The wait is over!  A career-spanning look-back by a pillar of "place" philosophy, Prof. Yi-Fu Tuan, is now available. I saw a copy of this at the American Society for Environmental History conference last spring but it hasn't been publicly available until now. Yes. I know. Exciting!

It seems to be distributed by both University of Wisconsin Press and GFT Publishing. They introduce the book as such:

For more than fifty years, Yi-Fu Tuan has carried the study of humanistic geography—what John K. Wright early in the twentieth century called geosophy, a blending of geography and philosophy―to new heights, offering with each new book a fresh and often unique intellectual introspection into the human condition. Humanist Geography: An Individual's Search for Meaning, his latest and last book, is a final testament of all that he has learned and encountered as a geographer.

I love this stuff. I'm not even sure why exactly. But I do. And that's okay.

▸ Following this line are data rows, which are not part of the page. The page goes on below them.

(* Let $\chi\in\mathcal{S}(\mathbb{R}^n)$ with $\|\chi\|_{L^2}=1$. For all $\alpha,\beta\in\mathbb{R}^{2n}$ and all multi-indices $a,b\in(\mathbb{N}\cup\{0\})^{2n}$, $$|W_{|\chi_\alpha\rangle\langle\chi_\beta|}|_{a,b}\le\sum_{c\le b}\sum_{d\le a}\sum_{e\le c}\sum_{f\le d}\binom{b}{c}\binom{a}{d}\binom{c}{e}\binom{d}{f}2^{-|d|}\,|W_\chi|_{a-d,b-c}\,\big|\alpha^{\hat e+f}\beta^{\hat c-\hat e+d-f}\big|$$ and $$|W_{|\chi_\alpha\rangle\langle\chi_\beta|}|_{a,b}\le 4^{|a|+|b|}(1+|\alpha|+|\beta|)^{|a|+|b|}\,\|W_\chi\|_{a,b}.$$
   Context: For an operator $E$ on $L^2(\mathbb{R}^n)$ with integral kernel $K_E\in L^2(\mathbb{R}^{2n})$, its Wigner transform is $W_E(x,p)=(2\pi)^{-n}\int e^{ip\cdot y}K_E(x-y/2,x+y/2)\,dy$; $W_\chi$ denotes the Wigner transform of $|\chi\rangle\langle\chi|$ (kernel $\chi(x)\overline{\chi(y)}$). For $\xi=(\xi_x,\xi_p)\in\mathbb{R}^{2n}$, $(D_\xi\phi)(y)=e^{i(y-\xi_x/2)\cdot\xi_p}\phi(y-\xi_x)$; $\chi_\alpha:=D_\alpha\chi$, and $|\chi_\alpha\rangle\langle\chi_\beta|$ is the rank-one operator with kernel $\chi_\alpha(x)\overline{\chi_\beta(y)}$. For $F:\mathbb{R}^{2n}\to\mathbb{C}$, $|F|_{a,b}:=\sup_\gamma|\gamma^a\partial_\gamma^bF(\gamma)|$ and $\|F\|_{a,b}:=\sum_{a'\le a}\sum_{b'\le b}|F|_{a',b'}$. Multi-index conventions: $\alpha^a=\prod_i\alpha_i^{a_i}$, $|a|=\sum_ia_i$, $a!=\prod_ia_i!$, $\binom{a}{b}=a!/((a-b)!b!)$, $b\le c$ means $b_i\le c_i$ for all $i$; for $a=(a_x,a_p)$ with $a_x,a_p\in(\mathbb{N}\cup\{0\})^n$, $\hat a:=(a_p,a_x)$. $|\alpha|$ is the Euclidean norm. *)

theory Defs
  imports "HOL-Analysis.Analysis"
begin

definition dderiv :: "'a::real_normed_vector \<Rightarrow> ('a \<Rightarrow> complex) \<Rightarrow> 'a \<Rightarrow> complex" where
  "dderiv v F g = vector_derivative (\<lambda>t::real. F (g + t *\<^sub>R v)) (at 0)"

definition iter_dderiv :: "'a::real_normed_vector list \<Rightarrow> ('a \<Rightarrow> complex) \<Rightarrow> 'a \<Rightarrow> complex" where
  "iter_dderiv vs F = foldr dderiv vs F"

definition idx_list :: "'n::finite list" where
  "idx_list = (SOME xs. distinct xs \<and> set xs = UNIV)"

definition schwartz :: "(real^'n \<Rightarrow> complex) \<Rightarrow> bool" where
  "schwartz f \<longleftrightarrow>
     (\<forall>vs x. iter_dderiv vs f differentiable (at x)) \<and>
     (\<forall>vs (a::'n \<Rightarrow> nat). bounded (range (\<lambda>x. (\<Prod>i\<in>UNIV. x $ i ^ a i) *\<^sub>R iter_dderiv vs f x)))"

type_synonym 'n phase = "(real^'n) \<times> (real^'n)"
type_synonym 'n midx = "('n \<Rightarrow> nat) \<times> ('n \<Rightarrow> nat)"

definition mi_le :: "'n midx \<Rightarrow> 'n midx \<Rightarrow> bool" where
  "mi_le b c \<longleftrightarrow> (\<forall>i. fst b i \<le> fst c i) \<and> (\<forall>i. snd b i \<le> snd c i)"

definition mi_add :: "'n midx \<Rightarrow> 'n midx \<Rightarrow> 'n midx" where
  "mi_add a b = ((\<lambda>i. fst a i + fst b i), (\<lambda>i. snd a i + snd b i))"

definition mi_sub :: "'n midx \<Rightarrow> 'n midx \<Rightarrow> 'n midx" where
  "mi_sub a b = ((\<lambda>i. fst a i - fst b i), (\<lambda>i. snd a i - snd b i))"

definition mi_hat :: "'n midx \<Rightarrow> 'n midx" where
  "mi_hat a = (snd a, fst a)"

definition mi_abs :: "'n::finite midx \<Rightarrow> nat" where
  "mi_abs a = (\<Sum>i\<in>UNIV. fst a i) + (\<Sum>i\<in>UNIV. snd a i)"

definition mi_binom :: "'n::finite midx \<Rightarrow> 'n midx \<Rightarrow> nat" where
  "mi_binom a b = (\<Prod>i\<in>UNIV. fst a i choose fst b i) * (\<Prod>i\<in>UNIV. snd a i choose snd b i)"

definition mi_pow :: "'n::finite phase \<Rightarrow> 'n midx \<Rightarrow> real" where
  "mi_pow g a = (\<Prod>i\<in>UNIV. fst g $ i ^ fst a i) * (\<Prod>i\<in>UNIV. snd g $ i ^ snd a i)"

definition phase_dirs :: "'n::finite midx \<Rightarrow> 'n phase list" where
  "phase_dirs b =
     concat (map (\<lambda>i. replicate (fst b i) (axis i 1, 0)) idx_list) @
     concat (map (\<lambda>i. replicate (snd b i) (0, axis i 1)) idx_list)"

definition pderiv_mi :: "'n::finite midx \<Rightarrow> ('n phase \<Rightarrow> complex) \<Rightarrow> 'n phase \<Rightarrow> complex" where
  "pderiv_mi b F = iter_dderiv (phase_dirs b) F"

definition seminorm :: "('n::finite phase \<Rightarrow> complex) \<Rightarrow> 'n midx \<Rightarrow> 'n midx \<Rightarrow> ennreal" where
  "seminorm F a b = (SUP g. ennreal (cmod (of_real (mi_pow g a) * pderiv_mi b F g)))"

definition seminorm_sum :: "('n::finite phase \<Rightarrow> complex) \<Rightarrow> 'n midx \<Rightarrow> 'n midx \<Rightarrow> ennreal" where
  "seminorm_sum F a b = (\<Sum>a'\<in>{a'. mi_le a' a}. \<Sum>b'\<in>{b'. mi_le b' b}. seminorm F a' b')"

definition wigner :: "(real^'n \<Rightarrow> real^'n \<Rightarrow> complex) \<Rightarrow> 'n::finite phase \<Rightarrow> complex" where
  "wigner K g = complex_of_real (1 / (2 * pi) ^ CARD('n)) *
     (LINT y|lborel. exp (\<i> * complex_of_real (snd g \<bullet> y)) *
        K (fst g - (1/2) *\<^sub>R y) (fst g + (1/2) *\<^sub>R y))"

As a student at UW with an interest in the "place literature" I have read a lot about it. Many, many scholarly articles mention Tuan when crediting the origins of this approach to humanity's interaction with the physical world. I've even seen him walking around campus once or twice. Sort of like nerd celebrity sighting. Next to Prof. Wm. Cronon, Tuan is about as close as one gets to such a sighting around here. Though I once saw Wisconsin alum, Jane Kaczmarek (a.k.a. the mom from Malcolm In The Middle) walking through the Memorial Union with some people who were probably family. And there are plenty of other well-known scholars who've come and gone through UW, I suppose. Still, seeing someone who you've "gotten to know" through books and essays is always a treat (at least for a sort-of lit nerd like me).

Tuan's Space and Place: The Perspective of Experience (University of Minnesota Press, 1977) is a bookshelf favorite. Again, I'm not even sure why. Which is odd. But there is just something endearing about it. It's certainly not for everyone. It's not light fiction. It's no Jodi Picoult. Thank goodness.  The world's got enough of that crap. (Sorry, Mom).

GTF says that Tuan's intent with this book is "to show how wonderful life on our small planet can be, even as we must deal with nature's stringencies and our own deep flaws." His take on the future is hopeful, which will be a welcome reprieve from my own pesky pessimism, to be sure.

If you pick up a copy, let's talk. I'll be cashing in my coin jar to scrape together the $26 purchase price post haste.